Für den im Oktober veröffentlichten "Living Planet Report" des WWF und der Zoological Society of London (ZSL) haben Forscher:innen fast 35.000 globale Populationen von nahezu 5.500 Wirbeltierarten auf der ganzen Welt ausgewertet.
Zwar gibt der Bericht nur einen Einblick in den Zustand eines Bruchteils des vielfältigen Kreuchens und Fleuchens auf diesem Planeten, aber dennoch einen wichtigen. In der gesamten Asien-Pazifik-Region sind die Populationen über die vergangenen 50 Jahre um 60 Prozent zurückgegangen.
In Lateinamerika und der Karibik sogar um 95 Prozent und in Afrika um 76 Prozent. In Europa scheint die Lage mit einem Verlust von 35 Prozent noch vergleichsweise gut zu sein. Doch das sei ein Zerrbild, so die Autor:innen.
Vogel-Bestände erholen sich nicht
Bereits in den Jahrzehnten zuvor sei in Europa ein großer Teil der Populationen geschrumpft.

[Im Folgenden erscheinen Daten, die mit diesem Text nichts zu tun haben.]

lemma normal_word_shift: "normal_word p c q \<approx> normal_word (p + d) ((row_mult ^^ d) c) (d + q)"
proof -
  have cancel: "replicate d (0, True) @ replicate d (0, False) \<approx> []"
  proof (induction d)
    case (Suc d)
    have "replicate (Suc d) (0, True) @ replicate (Suc d) (0, False)
        = replicate d (0, True) @ (0, True) # (0, False) # replicate d (0, False)"
      by (simp add: replicate_append_same)
    also have "\<dots> \<approx> replicate d (0, True) @ replicate d (0, False)"
      by (rule word_equiv_cancel_inv_gen)
    finally show ?case using Suc.IH by (rule word_equiv.trans)
  qed (simp add: word_equiv.refl)
  have "transl_word c \<approx> replicate d (0, True) @ replicate d (0, False) @ transl_word c"
    using word_equiv.sym[OF word_equiv_append_right[OF cancel, of "transl_word c"]] by simp
  also have "\<dots> \<approx> replicate d (0, True) @ transl_word ((row_mult ^^ d) c) @ replicate d (0, False)"
    by (rule word_equiv_append_left[OF conj_pow_transl_word])
  finally show ?thesis
    unfolding normal_word_def
    using word_equiv_append_cong[of _ _ _ "replicate p (0, True)" "replicate q (0, False)"]
    by (fastforce simp: replicate_add)
qed

lemma transl_letter_normal_word:
  assumes "i \<in> {1..N}"
  shows "(i, e) # normal_word p c q
    \<approx> normal_word p (\<lambda>j. (row_mult ^^ p) (\<lambda>j. if j = i then letter_sign e else 0) j + c j) q"
proof -
  let ?unit = "\<lambda>j. if j = i then letter_sign e else 0"
  have "(i, e) # normal_word p c q
      = (transl_word ?unit @ replicate p (0, True)) @ transl_word c @ replicate q (0, False)"
    using transl_word_unit[OF assms] by (simp add: normal_word_def)
  also have "\<dots> \<approx> (replicate p (0, True) @ transl_word ((row_mult ^^ p) ?unit)) @ transl_word c @ replicate q (0, False)"
    by (rule word_equiv_append_right[OF transl_word_conj_inv_pow])
  also have "\<dots> \<approx> normal_word p (\<lambda>j. (row_mult ^^ p) ?unit j + c j) q"
    using word_equiv_append_cong[OF transl_word_append, of "replicate p (0, True)" _ c "replicate q (0, False)"]
    by (simp add: normal_word_def)
  finally show ?thesis .
qed

lemma normal_word_exists: "set (map fst u) \<subseteq> {0..N} \<Longrightarrow> \<exists>p c q. u \<approx> normal_word p c q"
proof (induction u)
  case Nil
  have "normal_word 0 (\<lambda>_. 0) 0 = []" by (simp add: normal_word_def)
  then show ?case by (metis word_equiv.refl)
next
  case (Cons l u)
  obtain i e where l: "l = (i, e)" by (cases l)
  from Cons obtain p c q where "u \<approx> normal_word p c q" by auto
  then have lu: "l # u \<approx> l # normal_word p c q" by (rule word_equiv_Cons)
  consider "i = 0" "e" | "i = 0" "\<not> e" "p > 0" | "i = 0" "\<not> e" "p = 0" | "i \<in> {1..N}"
    using Cons.prems l by fastforce
  then show ?case
  proof cases
    case 1
    then have "l # normal_word p c q = normal_word (Suc p) c q" by (simp add: l normal_word_def)
    then show ?thesis using lu by auto
  next
    case 2
    then obtain p' where "p = Suc p'" using gr0_conv_Suc by blast
    then have "l # normal_word p c q \<approx> normal_word p' c q"
      using 2 word_equiv_cancel_gen_inv[of _ "[]" 0 "normal_word p' c q"] by (simp add: l normal_word_def)
    then show ?thesis using word_equiv.trans[OF lu] by blast
  next
    case 3
    then have "l # normal_word p c q \<approx> normal_word 0 (row_mult c) (Suc q)"
      using word_equiv_append_right[OF conj_transl_word, of c "replicate q (0, False)"]
      by (simp add: l normal_word_def)
    then show ?thesis using word_equiv.trans[OF lu] by blast
  next
    case 4
    then have "l # normal_word p c q
        \<approx> normal_word p (\<lambda>j. (row_mult ^^ p) (\<lambda>j. if j = i then letter_sign e else 0) j + c j) q"
      using transl_letter_normal_word l by simp
    then show ?thesis using word_equiv.trans[OF lu] by blast
  qed
qed

end

section \<open>The group G_M\<close>

text \<open>The dimension N = 2n+1 is a parameter so that the simplifier does not rewrite it to Suc (2n).\<close>

locale GM_setting =
  fixes n N :: nat and M :: "nat \<Rightarrow> nat \<Rightarrow> int" and \<alpha> :: real
    and a :: "nat \<Rightarrow> real" and b :: "nat \<Rightarrow> nat \<Rightarrow> complex" and R :: "nat \<Rightarrow> nat \<Rightarrow> complex"
  assumes N: "N = 2*n+1" and n: "n \<ge> 1"
    and real_eig: "{l. is_eigenvalue N (cmat M) l \<and> Im l = 0} = {complex_of_real \<alpha>}"
    and alpha_pos: "\<alpha> > 0" and alpha_ne1: "\<alpha> \<noteq> 1"
    and a_supp: "supp_vec N a" and a_nonzero: "a \<noteq> (\<lambda>_. 0)"
    and a_eig: "matvec N (\<lambda>i j. real_of_int (M i j)) a = (\<lambda>i. \<alpha> * a i)"
    and b_basis: "is_basis_of n b (upper_gen_space N (cmat M))"
    and R_def: "\<forall>j\<in>{1..n}. matvec N (cmat M) (b j) = (\<lambda>i. \<Sum>l=1..n. R l j * b l i)"
begin

sublocale GM_words N M .

definition upper_eigs :: "complex set" where
  "upper_eigs = {l. is_eigenvalue N (cmat M) l \<and> Im l > 0}"

lemma cmat_real: "cnj (cmat M i j) = cmat M i j"
  by (simp add: cmat_def)

lemma b_in_upper_eigs_sum: "j \<in> {1..n} \<Longrightarrow> b j \<in> gen_eigen_sum N (cmat M) upper_eigs"
  using b_basis by (simp add: is_basis_of_def upper_gen_space_eq_gen_eigen_sum upper_eigs_def)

Die großflächige Abholzung und Ausbreitung der Land- und Forstwirtschaft hat die verbleibenden Wildtierbestände Europas in die letzten Ecken gedrängt.
Während Wälder zum Beispiel knapp zwei Drittel der Fläche Brasiliens bedecken, ist es in Deutschland und Frankreich nur knapp ein Drittel, in Großbritannien sind es gar nur 13 Prozent.

Die wichtigsten Treiber dieser weltweiten Entwicklung unterscheiden sich in ihrer Zusammensetzung von Art zu Art und Region zu Region. Erkennen lässt sich allerdings, dass die Veränderung und Zerstörung von Lebensräumen den mit Abstand wichtigsten Faktor darstellt.
Vor allem Amphibien kommen angesichts des Klimawandels in vielen Regionen bereits heute an ihre Grenzen.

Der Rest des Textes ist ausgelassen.